Мейплы так давно говорили и думали о неизбежности развода, что, казалось, этого никогда не случится. Их бесконечные разговоры, раз от раза все более непоследовательные и безжалостные, когда взаимные обвинения, извинения и излияния сыпались градом и тут же перечеркивались, в конце концов только туже завязывали их в узел какой-то мучительной, безысходной, унизительной близости. Даже физическая близость не умирала: так здоровый, вопреки всем невзгодам, ребенок растет себе и растет, несмотря на явный недостаток питания; а когда языки их наконец смолкали, тела обессиленно сливались в объятии, словно две безмолвные армии, которые счастливы побрататься, едва наступает передышка и можно не истреблять друг друга по воле двух безумных королей, охваченных абсурдной взаимной ненавистью. Истекающий кровью, изувеченный до неузнаваемости, десятки раз с почестями похороненный, их союз все никак не мог окончательно умереть.
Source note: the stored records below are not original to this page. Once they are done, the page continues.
lemma xplus_branch:
  obtains e \<phi> where "0 < e" "e < (A x0)\<^sup>2" "\<phi> holomorphic_on ball 0 e"
    "\<And>t H. 0 < t \<Longrightarrow> t < H \<Longrightarrow> H < e \<Longrightarrow> Re (branch_integral \<phi> H (of_real t)) =
       - integral {xplus A (sqrt H)..xplus A (sqrt t)} (\<lambda>x. sqrt ((A x)\<^sup>2 - t))"
proof -
  have "A (xplus A s) = s \<and> xplus A s \<in> {Xm..Xp}" if "0 < s" "s < A x0" for s
    using A_xplus[OF that] xplus_bounds[OF that] x0_inside by auto
  then obtain e \<phi> where e: "0 < e" "e < (A x0)\<^sup>2" and \<phi>: "\<phi> holomorphic_on ball 0 e"
    and \<phi>_xplus: "\<And>y. 0 < y \<Longrightarrow> y < e \<Longrightarrow> \<phi> (of_real y) = of_real (xplus A (sqrt y))"
    using level_branch_holomorphic[of Xp, OF _ _ xplus_tendsto] by blast
  show ?thesis
  proof (rule that[OF e \<phi>])
    fix t H assume tH: "0 < t" "t < H" "H < e"
    then have "xplus A (sqrt H) < xplus A (sqrt t)"
      using level_ends_strict_mono sqrt_less_A_x0[of H] e by simp
    then show "Re (branch_integral \<phi> H (of_real t)) =
        - integral {xplus A (sqrt H)..xplus A (sqrt t)} (\<lambda>x. sqrt ((A x)\<^sup>2 - t))"
      using Re_branch_integral_level[OF A_xplus \<phi> less_imp_le[OF e(2)] \<phi>_xplus tH] by simp
  qed
qed

lemma Phi_analytic:
  obtains \<rho> G where "0 < \<rho>" "G holomorphic_on ball 0 \<rho>"
    "\<And>s. 0 < s \<Longrightarrow> s\<^sup>2 < \<rho> \<Longrightarrow> Re (G (of_real (s\<^sup>2))) = Phi A s"
proof -
  obtain eL \<phi>L where eL: "0 < eL" "eL < (A x0)\<^sup>2" and \<phi>L: "\<phi>L holomorphic_on ball 0 eL"
    and left: "\<And>t H. 0 < t \<Longrightarrow> t < H \<Longrightarrow> H < eL \<Longrightarrow> Re (branch_integral \<phi>L H (of_real t)) =
       integral {xminus A (sqrt t)..xminus A (sqrt H)} (\<lambda>x. sqrt ((A x)\<^sup>2 - t))"
    using xminus_branch by blast
  obtain eR \<phi>R where eR: "0 < eR" "eR < (A x0)\<^sup>2" and \<phi>R: "\<phi>R holomorphic_on ball 0 eR"
    and right: "\<And>t H. 0 < t \<Longrightarrow> t < H \<Longrightarrow> H < eR \<Longrightarrow> Re (branch_integral \<phi>R H (of_real t)) =
       - integral {xplus A (sqrt H)..xplus A (sqrt t)} (\<lambda>x. sqrt ((A x)\<^sup>2 - t))"
    using xplus_branch by blast
  define HL where "HL = eL / 2"
  define HR where "HR = eR / 2"
  define r where "r = min (sqrt HL) (sqrt HR)"
  define M where "M = (\<lambda>z. integral {xminus A (sqrt HL)..xplus A (sqrt HR)} (\<lambda>x. csqrt (of_real ((A x)\<^sup>2) - z)))"
  define G where "G = (\<lambda>z. branch_integral \<phi>L HL z + M z - branch_integral \<phi>R HR z)"
  have H: "0 < HL" "HL < eL" "0 < HR" "HR < eR"
    using eL eR by (auto simp: HL_def HR_def)
  have r: "0 < r" "r \<le> sqrt HL" "r \<le> sqrt HR" "sqrt HL < A x0" "sqrt HR < A x0"
    using H eL eR sqrt_less_A_x0 by (auto simp: r_def)
  have "r\<^sup>2 \<le> (sqrt HL)\<^sup>2" "r\<^sup>2 \<le> (sqrt HR)\<^sup>2"
    using r by (intro power_mono; simp)+
  then have r2: "r\<^sup>2 \<le> HL" "r\<^sup>2 \<le> HR"
    using H by simp_all
  show ?thesis
  proof (rule that[of "r\<^sup>2" G])
    show "0 < r\<^sup>2"
      using r by simp
    have "branch_integral \<phi>L HL holomorphic_on ball 0 (r\<^sup>2)"
      using holomorphic_branch_integral[OF \<phi>L H(1,2)] by (rule holomorphic_on_subset) (use r2 in auto)
    moreover have "branch_integral \<phi>R HR holomorphic_on ball 0 (r\<^sup>2)"
      using holomorphic_branch_integral[OF \<phi>R H(3,4)] by (rule holomorphic_on_subset) (use r2 in auto)
    moreover have "M holomorphic_on ball 0 (r\<^sup>2)"
      unfolding M_def by (rule middle_integral_continuation(1)[OF r])
    ultimately show "G holomorphic_on ball 0 (r\<^sup>2)"
      unfolding G_def by (intro holomorphic_intros)
  next
    fix s assume s: "0 < s" "s\<^sup>2 < r\<^sup>2"
    then have "s < r"
      using r(1) by (simp add: power2_less_imp_less)
    then show "Re (G (of_real (s\<^sup>2))) = Phi A s"
      using Phi_split[of s "sqrt HL" "sqrt HR"] left[of "s\<^sup>2" HL] right[of "s\<^sup>2" HR]
        middle_integral_continuation(2)[OF r s(1)] s r r2 H
      by (simp add: G_def M_def)
  qed
qed
text \<open>The iterates \<open>R\<^sup>j g\<close> of a centred \<open>g\<close> decay geometrically, so \<open>h = \<Sum>\<^sub>j R\<^sup>j g\<close>
  converges and solves \<open>h - R h = g\<close>.\<close>

lemma poisson_equation_solvable_if_pos:
  fixes R :: "'a::finite \<Rightarrow> 'a \<Rightarrow> real"
  assumes st: "stochastic_matrix R" and pos: "\<And>x y. R x y > 0"
    and \<pi>: "prob_vector \<pi>" and inv: "\<And>y. (\<Sum>x\<in>UNIV. \<pi> x * R x y) = \<pi> y"
    and g: "(\<Sum>x\<in>UNIV. \<pi> x * g x) = 0"
  shows "\<exists>h. \<forall>x. h x - apply_kernel R h x = g x"
proof -
  define \<delta> where "\<delta> = Min (range (\<lambda>(x, y). R x y))"
  have \<delta>_le: "\<delta> \<le> R x y" for x y unfolding \<delta>_def by (rule Min_le) auto
  have "\<delta> \<in> range (\<lambda>(x, y). R x y)" unfolding \<delta>_def by (rule Min_in) auto
  then have \<delta>_pos: "\<delta> > 0" using pos by auto
  have \<delta>1: "\<delta> \<le> 1"
    using \<delta>_le[of undefined undefined] member_le_sum[of undefined UNIV "R undefined"] st
    by (auto simp: stochastic_matrix_def)
  define u where "u j = (apply_kernel R ^^ j) g" for j
  have "\<bar>u j x\<bar> \<le> oscillation g * (1 - \<delta>) ^ j" for j x
    using norm_apply_kernel_funpow_le[OF st \<delta>_le _ \<pi> inv g] \<delta>_pos
    unfolding u_def by (simp add: mult.commute)
  then have summable: "summable (\<lambda>j. u j x)" for x
    by (intro summable_comparison_test[OF _ summable_mult[OF summable_geometric]])
      (use \<delta>_pos \<delta>1 in auto)
  define h where "h x = (\<Sum>j. u j x)" for x
  have "(\<lambda>j. \<Sum>y\<in>UNIV. R x y * u j y) sums apply_kernel R h x" for x
    unfolding h_def apply_kernel_def by (intro sums_sum sums_mult summable_sums summable)
  then have "(\<lambda>j. u (Suc j) x) sums apply_kernel R h x" for x
    by (simp add: u_def apply_kernel_def)
  moreover have "(\<lambda>j. u (Suc j) x) sums (h x - u 0 x)" for x
    using sums_Suc_iff[of "\<lambda>j. u j x"] summable_sums[OF summable[of x]] unfolding h_def by simp
  ultimately have "apply_kernel R h x = h x - g x" for x
    using sums_unique2 by (fastforce simp: u_def)
  then show ?thesis by (intro exI[of _ h] allI) simp
qed

lemma poisson_equation_of_funpow:
  assumes "\<And>x. h x - (apply_kernel Q ^^ d) h x = g x"
  shows "(\<Sum>r<d. (apply_kernel Q ^^ r) h x)
    - apply_kernel Q (\<lambda>y. \<Sum>r<d. (apply_kernel Q ^^ r) h y) x = g x"
proof -
  have "(\<Sum>r<d. (apply_kernel Q ^^ r) h x) - apply_kernel Q (\<lambda>y. \<Sum>r<d. (apply_kernel Q ^^ r) h y) x
      = - (\<Sum>r<d. (apply_kernel Q ^^ Suc r) h x - (apply_kernel Q ^^ r) h x)"
    by (simp add: apply_kernel_sum sum_subtractf)
  also have "\<dots> = h x - (apply_kernel Q ^^ d) h x"
    by (subst sum_lessThan_telescope) simp
  finally show ?thesis using assms by simp
qed

lemma poisson_equation_solvable_if_mpow_pos:
  fixes Q :: "'a::finite \<Rightarrow> 'a \<Rightarrow> real"
  assumes st: "stochastic_matrix Q" and pos: "\<And>x y. mpow Q d x y > 0"
    and \<pi>: "prob_vector \<pi>" and inv: "\<And>y. (\<Sum>x\<in>UNIV. \<pi> x * Q x y) = \<pi> y"
    and g: "(\<Sum>x\<in>UNIV. \<pi> x * g x) = 0"
  shows "\<exists>h. \<forall>x. h x - apply_kernel Q h x = g x"
proof -
  have "apply_kernel (mpow Q d) = apply_kernel Q ^^ d"
    by (intro ext) (simp add: apply_kernel_funpow apply_kernel_def)
  moreover obtain h where "\<And>x. h x - apply_kernel (mpow Q d) h x = g x"
    using poisson_equation_solvable_if_pos[OF stochastic_matrix_mpow[OF st] pos \<pi>
        sum_invariant_mpow[OF inv] g] by blast
  ultimately have "h x - (apply_kernel Q ^^ d) h x = g x" for x by simp
  then show ?thesis
    by (intro exI[of _ "\<lambda>y. \<Sum>r<d. (apply_kernel Q ^^ r) h y"] allI poisson_equation_of_funpow)
qed

definition lazy_kernel :: "('a \<Rightarrow> 'a \<Rightarrow> real) \<Rightarrow> 'a \<Rightarrow> 'a \<Rightarrow> real" where
  "lazy_kernel P x y = (of_bool (x = y) + P x y) / 2"

lemma apply_lazy_kernel: "apply_kernel (lazy_kernel P) h x = (h x + apply_kernel P h x) / 2"
proof -
  have "lazy_kernel P x y * h y = ((if x = y then h y else 0) + P x y * h y) / 2" for y
    by (simp add: lazy_kernel_def field_simps)
  then have "apply_kernel (lazy_kernel P) h x
      = ((\<Sum>y\<in>UNIV. if x = y then h y else 0) + apply_kernel P h x) / 2"
    unfolding apply_kernel_def by (simp only: sum_divide_distrib[symmetric] sum.distrib)
  then show ?thesis by simp
qed

lemma lazy_kernel_nonneg: "stochastic_matrix P \<Longrightarrow> lazy_kernel P x y \<ge> 0"
  unfolding lazy_kernel_def stochastic_matrix_def by (simp add: add_nonneg_nonneg)

lemma stochastic_lazy_kernel: "stochastic_matrix P \<Longrightarrow> stochastic_matrix (lazy_kernel P)"
  using lazy_kernel_nonneg[of P]
  by (simp add: stochastic_matrix_def lazy_kernel_def sum_divide_distrib[symmetric] sum.distrib)

lemma sum_invariant_lazy_kernel:
  fixes P :: "'a::finite \<Rightarrow> 'a \<Rightarrow> real"
  assumes "\<And>y. (\<Sum>x\<in>UNIV. \<pi> x * P x y) = \<pi> y"
  shows "(\<Sum>x\<in>UNIV. \<pi> x * lazy_kernel P x y) = \<pi> y"
proof -
  have "\<pi> x * lazy_kernel P x y = ((if x = y then \<pi> x else 0) + \<pi> x * P x y) / 2" for x
    by (simp add: lazy_kernel_def field_simps)
  then have "(\<Sum>x\<in>UNIV. \<pi> x * lazy_kernel P x y)
      = ((\<Sum>x\<in>UNIV. if x = y then \<pi> x else 0) + (\<Sum>x\<in>UNIV. \<pi> x * P x y)) / 2"
    by (simp only: sum_divide_distrib[symmetric] sum.distrib)
  also have "\<dots> = \<pi> y" using assms[of y] by simp
  finally show ?thesis .
qed

lemma mpow_lazy_kernel_ge:
  assumes st: "stochastic_matrix P"
  shows "m \<le> n \<Longrightarrow> (1/2) ^ n * mpow P m x y \<le> mpow (lazy_kernel P) n x y"
proof (induction n arbitrary: m y)
  case (Suc n)
  let ?Q = "lazy_kernel P"
  have P: "P u v \<ge> 0" and Q: "?Q u v \<ge> 0" for u v
    using st lazy_kernel_nonneg[OF st] by (auto simp: stochastic_matrix_def)
  show ?case
  proof (cases "m \<le> n")
    case True
    have "(1/2) ^ Suc n * mpow P m x y \<le> mpow ?Q n x y * (1/2)"
      using Suc.IH[OF True, of y] by simp
    also have "\<dots> \<le> mpow ?Q n x y * ?Q y y"
      using P[of y y] mpow_nonneg[of ?Q n x y] Q by (intro mult_left_mono) (auto simp: lazy_kernel_def)
    also have "\<dots> \<le> mpow ?Q (Suc n) x y"
      by (simp, rule member_le_sum) (auto intro!: mult_nonneg_nonneg mpow_nonneg Q)
    finally show ?thesis .
  next
    case False
    then have "m = Suc n" using Suc.prems by simp
    have "(1/2) ^ Suc n * mpow P (Suc n) x y = (\<Sum>z\<in>UNIV. ((1/2) ^ n * mpow P n x z) * (P z y / 2))"
      by (simp add: sum_distrib_left mult_ac)
    also have "\<dots> \<le> (\<Sum>z\<in>UNIV. mpow ?Q n x z * ?Q z y)"
    proof (intro sum_mono mult_mono)
      show "(1/2) ^ n * mpow P n x z \<le> mpow ?Q n x z" for z by (rule Suc.IH) simp
      show "P z y / 2 \<le> ?Q z y" for z by (simp add: lazy_kernel_def)
    qed (use P Q in \<open>auto intro: mpow_nonneg\<close>)
    also have "\<dots> = mpow ?Q (Suc n) x y" by simp
    finally show ?thesis using \<open>m = Suc n\<close> by simp
  qed
qed simp

lemma mpow_lazy_kernel_pos:
  assumes "stochastic_matrix P" and "irreducible_chain P"
  shows "\<exists>d. \<forall>x y. mpow (lazy_kernel P) d x y > 0"
proof -
  obtain n where n: "\<And>x y. mpow P (n x y) x y > 0"
    using assms(2) unfolding irreducible_chain_def by metis
  define d where "d = Max (range (\<lambda>(x, y). n x y))"
  have "n x y \<le> d" for x y unfolding d_def by (rule Max_ge) auto
  have "mpow (lazy_kernel P) d x y > 0" for x y
  proof -
    have "0 < (1/2) ^ d * mpow P (n x y) x y" using n[of x y] by simp
    also have "\<dots> \<le> mpow (lazy_kernel P) d x y" by (rule mpow_lazy_kernel_ge[OF assms(1)]) fact
    finally show ?thesis .
  qed
  then show ?thesis by blast
qed

lemma invariant_distribution_pos:
  assumes "stochastic_matrix P" and "irreducible_chain P" and inv: "invariant_distribution P \<pi>"
  shows "\<pi> y > 0"
proof -
  have "\<exists>x. \<pi> x > 0"
  proof (rule ccontr)
    assume "\<nexists>x. \<pi> x > 0"
    then have "(\<Sum>x\<in>UNIV. \<pi> x) \<le> 0" by (intro sum_nonpos) (simp add: not_less)
    then show False using inv unfolding invariant_distribution_def prob_vector_def by simp
  qed
  then obtain x0 n where x0: "\<pi> x0 > 0" and n: "mpow P n x0 y > 0"
    using assms(2) unfolding irreducible_chain_def by blast
  have "0 < \<pi> x0 * mpow P n x0 y" using x0 n by simp
  also have "\<dots> \<le> (\<Sum>x\<in>UNIV. \<pi> x * mpow P n x y)"
    using inv assms(1) unfolding invariant_distribution_def prob_vector_def stochastic_matrix_def
    by (intro member_le_sum[where f="\<lambda>x. \<pi> x * mpow P n x y"]) (auto intro!: mult_nonneg_nonneg mpow_nonneg)
  also have "\<dots> = \<pi> y"
    using inv unfolding invariant_distribution_def by (intro sum_invariant_mpow) auto
  finally show ?thesis .
qed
Не чая разбежаться, они – по старой супружеской привычке – сбежали на пару. Вдвоем отправились в Рим.
Они прилетели вечером. Самолет прибыл с задержкой, аэропорт встретил их великолепием. Они собрались впопыхах, спонтанно – и тем не менее, как будто заранее предупрежденные, шустрые итальянцы с безупречным английским ловко освободили их от багажа, тут же по телефону заказали номер в гостинице и проводили их в автобус. Автобус, к их удивлению, погрузился в темный сельский пейзаж. Где-то вдали висели, словно фонари, редкие освещенные окна; где-то внизу вдруг обнажила серебристую грудь река; то и дело мелькали силуэты олив и пиний, словно полузабытые иллюстрации в старом латинском букваре. «Вот так бы и ехала, и ехала в этом автобусе», – сказала вслух Джоан, и Ричард почувствовал себя уязвленным, припомнив, как давно, когда им еще было хорошо вместе, она раз призналась, что ощутила приятное возбуждение, оттого что парень на заправке, протирая переднее стекло энергичными круговыми движениями, заставил слегка раскачиваться корпус машины, а заодно и ее, сидящую внутри. Из всего, что она ему говорила, именно это признание засело у него в мозгу как самое большое откровение, самая потаенная глубина, приоткрывшаяся ему на миг в той заповедной бездне неведомой ему женщины, до которой он никогда не мог дотянуться и в конце концов устал дотягиваться.
В то же время ему приятно было сознавать, что ей хорошо. Это было его слабое место. Он искренне хотел, чтобы ей было хорошо, и неоспоримый факт, что вдали от нее он не мог быть уверен, хорошо ей или плохо, и стал той последней, неожиданно захлопнувшейся перед ним дверью, когда все другие двери были уже настежь раскрыты. И он осушал слезы, им же самим исторгнутые из ее глаз, забирал назад все свои доводы о полной безысходности в тот самый момент, когда она вот-вот готова была с ними смириться, и их совместная агония продолжалась дальше.
– Все когда-нибудь кончается, – изрек он на сей раз.
– Можешь ты хоть на минутку оставить меня в покое?
– Прости. Уже оставил.
Она какое-то время молча смотрела в окно, потом повернулась к нему и сказала:
– У меня такое чувство, будто мы едем вовсе не в Рим.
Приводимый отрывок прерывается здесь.